Apple’s problems finally caught up with the stock price, as investors lost patience with an onslaught of bad news. The quarterly results announcement last week had proceeded smoothly enough, with management reporting revenues and profits that beat expectations. However, a subsequent spate of rumours suggest that all is not well. Apple is reported to have cut hiring for many departments, and departmental budget cuts have been escalated, according to the financial news service Bloomberg. Production of iPhone 14 handsets is rumoured to have been cut by 3% due to soft demand, contrary to the company’s own statement that demand remains strong. The company’s problems with Covid lockdowns in its main iPhone assembly site in China have already been well-publicised. The shares declined by 10% during the week, enough to cast a pall over the entire technology sector.

Investors in Tesla are nervously watching the saga of Elon Musk’s takeover of Twitter, which threatens to distract Musk from his more valuable electric car and battery business. Having reacted with horror to Musk’s failed attempt to extricate himself from the acquisition, Tesla shares reached a new low for the year following Musk’s initial managerial actions. These included firing half of Twitter’s workforce, setting off a round of lawsuits. Musk has admitted that Twitter, which was acquired for $44 billion, is losing $4 million a day after advertisers adopted a “wait-and-see” attitude to the diminished oversight of content.

A month-long rally in GSK shares was cut short following the company’s announcement that its anti-cancer drug Blenrep had failed to help patients live longer in a clinical trial. The announcement sent the shares down 5% and spoilt what would otherwise have been a good week for the company, after management upgraded its forecast for sales and profits this year.

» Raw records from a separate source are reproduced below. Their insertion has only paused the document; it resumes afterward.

(* Let $g,h:\mathbb{R}\to\mathbb{R}^2$ be free maps, i.e. $g'(t),g''(t)$ are linearly independent for all $t$, and likewise for $h$. Define $F_{gh}:\mathbb{R}^2\to\mathbb{R}^4$ by $F_{gh}(x,y)=(g(x),h(y))$. Then $F_{gh}\in\mathcal{A}_{2,4}$; moreover, for $F_{gh}$ the compatibility condition of the linearized system reduces to $\partial_x h_y+\partial_y h_x=\delta g_{xy}$. In particular $F(x,y)=(x,e^x,y,e^y)$ belongs to $\mathcal{A}_{2,4}$.
   Context: Definition of $\mathcal{A}_{m,q}$ for $q=\frac{m(m+3)}{2}-1$ (here $m=2,q=4$): it is the set of smooth $f:\mathbb{R}^m\to\mathbb{R}^q$ such that (i) at every point $x$ the $\frac{m(m+3)}{2}$ vectors $\partial_\alpha f(x)$, $\partial_{\alpha\beta}f(x)$ ($\alpha\le\beta$) span $\mathbb{R}^q$ (so one may choose smooth, nowhere simultaneously vanishing functions $\lambda^\alpha$, $\lambda^{\alpha\beta}=\lambda^{\beta\alpha}$ with $\sum_\alpha\lambda^\alpha\partial_\alpha f+\sum_{\alpha,\beta}\lambda^{\alpha\beta}\partial_{\alpha\beta}f\equiv0$, unique up to a nowhere-zero factor); and (ii) there is an index $\alpha_0$ such that at every point $\lambda^{\alpha_0 1},\dots,\lambda^{\alpha_0 m}$ are not all zero. The compatibility condition of the system $\sum_i \partial_\alpha f^i\delta f^i=h_\alpha$, $\sum_i \partial_{\alpha\beta} f^i\delta f^i=\tfrac12(\partial_\alpha h_\beta+\partial_\beta h_\alpha-\delta g_{\alpha\beta})$ is $2\sum_\alpha\lambda^\alpha h_\alpha+\sum_{\alpha,\beta}\lambda^{\alpha\beta}(\partial_\alpha h_\beta+\partial_\beta h_\alpha-\delta g_{\alpha\beta})=0$. *)

theory Defs
  imports "HOL-Analysis.Analysis"
begin

definition pd :: "(real^'m \<Rightarrow> 'b::real_normed_vector) \<Rightarrow> 'm \<Rightarrow> real^'m \<Rightarrow> 'b" where
  "pd f \<alpha> x = frechet_derivative f (at x) (axis \<alpha> 1)"

definition pd2 :: "(real^'m \<Rightarrow> 'b::real_normed_vector) \<Rightarrow> 'm \<Rightarrow> 'm \<Rightarrow> real^'m \<Rightarrow> 'b" where
  "pd2 f \<alpha> \<beta> x = pd (pd f \<beta>) \<alpha> x"

fun Ck :: "nat \<Rightarrow> (real^'m \<Rightarrow> 'b::real_normed_vector) \<Rightarrow> bool" where
  "Ck 0 f = continuous_on UNIV f"
| "Ck (Suc k) f = (f differentiable_on UNIV \<and> (\<forall>\<alpha>. Ck k (pd f \<alpha>)))"

definition smooth :: "(real^'m \<Rightarrow> 'b::real_normed_vector) \<Rightarrow> bool" where
  "smooth f = (\<forall>k. Ck k f)"

definition vd :: "(real \<Rightarrow> 'b::real_normed_vector) \<Rightarrow> real \<Rightarrow> 'b" where
  "vd g t = vector_derivative g (at t)"

fun Ck1 :: "nat \<Rightarrow> (real \<Rightarrow> 'b::real_normed_vector) \<Rightarrow> bool" where
  "Ck1 0 g = continuous_on UNIV g"
| "Ck1 (Suc k) g = (g differentiable_on UNIV \<and> Ck1 k (vd g))"

definition smooth1 :: "(real \<Rightarrow> 'b::real_normed_vector) \<Rightarrow> bool" where
  "smooth1 g = (\<forall>k. Ck1 k g)"

definition free_curve :: "(real \<Rightarrow> real^2) \<Rightarrow> bool" where
  "free_curve g = (smooth1 g \<and>
     (\<forall>t. vd g t \<noteq> vd (vd g) t \<and> independent {vd g t, vd (vd g) t}))"

definition rel_at :: "(real^'m \<Rightarrow> real^'q) \<Rightarrow> real^'m \<Rightarrow> ('m \<Rightarrow> real) \<Rightarrow> ('m \<Rightarrow> 'm \<Rightarrow> real) \<Rightarrow> bool" where
  "rel_at f x lam1 lam2 =
     ((\<forall>\<alpha> \<beta>. lam2 \<alpha> \<beta> = lam2 \<beta> \<alpha>) \<and>
      \<not> ((\<forall>\<alpha>. lam1 \<alpha> = 0) \<and> (\<forall>\<alpha> \<beta>. lam2 \<alpha> \<beta> = 0)) \<and>
      (\<Sum>\<alpha>\<in>UNIV. lam1 \<alpha> *\<^sub>R pd f \<alpha> x)
        + (\<Sum>\<alpha>\<in>UNIV. \<Sum>\<beta>\<in>UNIV. lam2 \<alpha> \<beta> *\<^sub>R pd2 f \<alpha> \<beta> x) = 0)"
lemma hs_inner_one_mat:
  assumes "A \<in> carrier_mat n n"
  shows "hs_inner A (1\<^sub>m n) = mtrace A"
  using assms by (simp add: hs_inner_def mtrace_def if_distrib[where f=cnj] if_distrib[where f="\<lambda>x. _ * x"] cong: if_cong)

subsection \<open>Pauli strings\<close>

lemma pauli_dims [simp]: "dim_row (pauli i) = 2" "dim_col (pauli i) = 2"
  unfolding pauli_def mat_of_rows_list_def by simp_all

lemma pauli_carrier [simp]: "pauli i \<in> carrier_mat 2 2"
  by (rule carrier_matI) simp_all

lemma pauli_simps:
  "pauli 0 = mat_of_rows_list 2 [[1,0],[0,1]]"
  "pauli (Suc 0) = mat_of_rows_list 2 [[0,1],[1,0]]"
  "pauli 2 = mat_of_rows_list 2 [[1,0],[0,-1]]"
  "pauli 3 = mat_of_rows_list 2 [[0,-\<i>],[\<i>,0]]"
  unfolding pauli_def
  by (simp_all only: if_True if_False simp_thms numeral_eq_iff semiring_norm zero_neq_numeral numeral_neq_zero
      zero_neq_one one_neq_zero)

lemma less_4_cases:
  fixes i :: nat
  assumes "i < 4"
  shows "i = 0 \<or> i = 1 \<or> i = 2 \<or> i = 3"
  using assms by auto

lemma sum_lessThan_2: "(\<Sum>a<(2::nat). f a) = f 0 + f 1"
  by (simp add: numeral_2_eq_2)

lemma hs_inner_pauli:
  assumes "i < 4" "j < 4"
  shows "hs_inner (pauli i) (pauli j) = (if i = j then 2 else 0)"
  using less_4_cases[OF assms(1)] less_4_cases[OF assms(2)]
  by (elim disjE; hypsubst; simp add: hs_inner_def sum_lessThan_2 pauli_simps mat_of_rows_list_def)

lemma mtrace_pauli:
  assumes "i < 4"
  shows "mtrace (pauli i) = (if i = 0 then 2 else 0)"
  using less_4_cases[OF assms]
  by (elim disjE; hypsubst; simp add: mtrace_def sum_lessThan_2 pauli_simps mat_of_rows_list_def)

lemma pauli_string_Cons: "pauli_string (i # s) = kron (pauli i) (pauli_string s)"
  by (simp add: pauli_string_def)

Airbnb shares fell by 16% after the company forecast that growth in the fourth calendar quarter is likely to be moderately slower than the rapid growth of 25% attained in the third quarter. Average daily rental rates had risen by 5% in the third quarter, entirely driven by inflation, but management pointed to a shift in usage towards smaller, urban accommodations fetching lower rates. Airbnb shares are down over 40% year-to-date. 

 

Highlights

  • The Bank of England raised interest rates by 0.75% to 3% but sent a clear message that the markets are pricing too many future rate increases. Markets had already taken the hint, however, marking down expectations for rate rises prior to the meeting, so there was little reaction. The Bank’s own forecasts suggest that inflation will decline from its current level of 10.1% to just 2.2% within the next two years, suggesting that the Bank’s job is nearly done.
  • The closely-watched monthly US employment data gave ammunition to both bulls and bears. 261,000 jobs were created in October, well above expectations and also well above historic norms, probably due to the ongoing re-hiring of people let go during the pandemic. On the other hand, a downward trend is clearly in evidence from the even-higher levels of job creation reported earlier in the year. 

Calendar

  • Rarely will there have been so much attention focused on US inflation data, which is due to be reported for the month of October. Inflation is expected to have fallen from 8.2% to 8%. Complicating matters is the introduction of new data from health insurance firms, which appear to point to a steep deceleration in the cost of healthcare. Core inflation, which strips out food and fuel costs, is also expected to have declined, from 6.6% to 6.5%.
  • UK GDP is expected to have shrunk by 0.4% in September, following its 0.3% decline in August, implying that the economy is heading for recession. The extra public holiday in September for the Queen’s funeral is likely to have further depressed activity.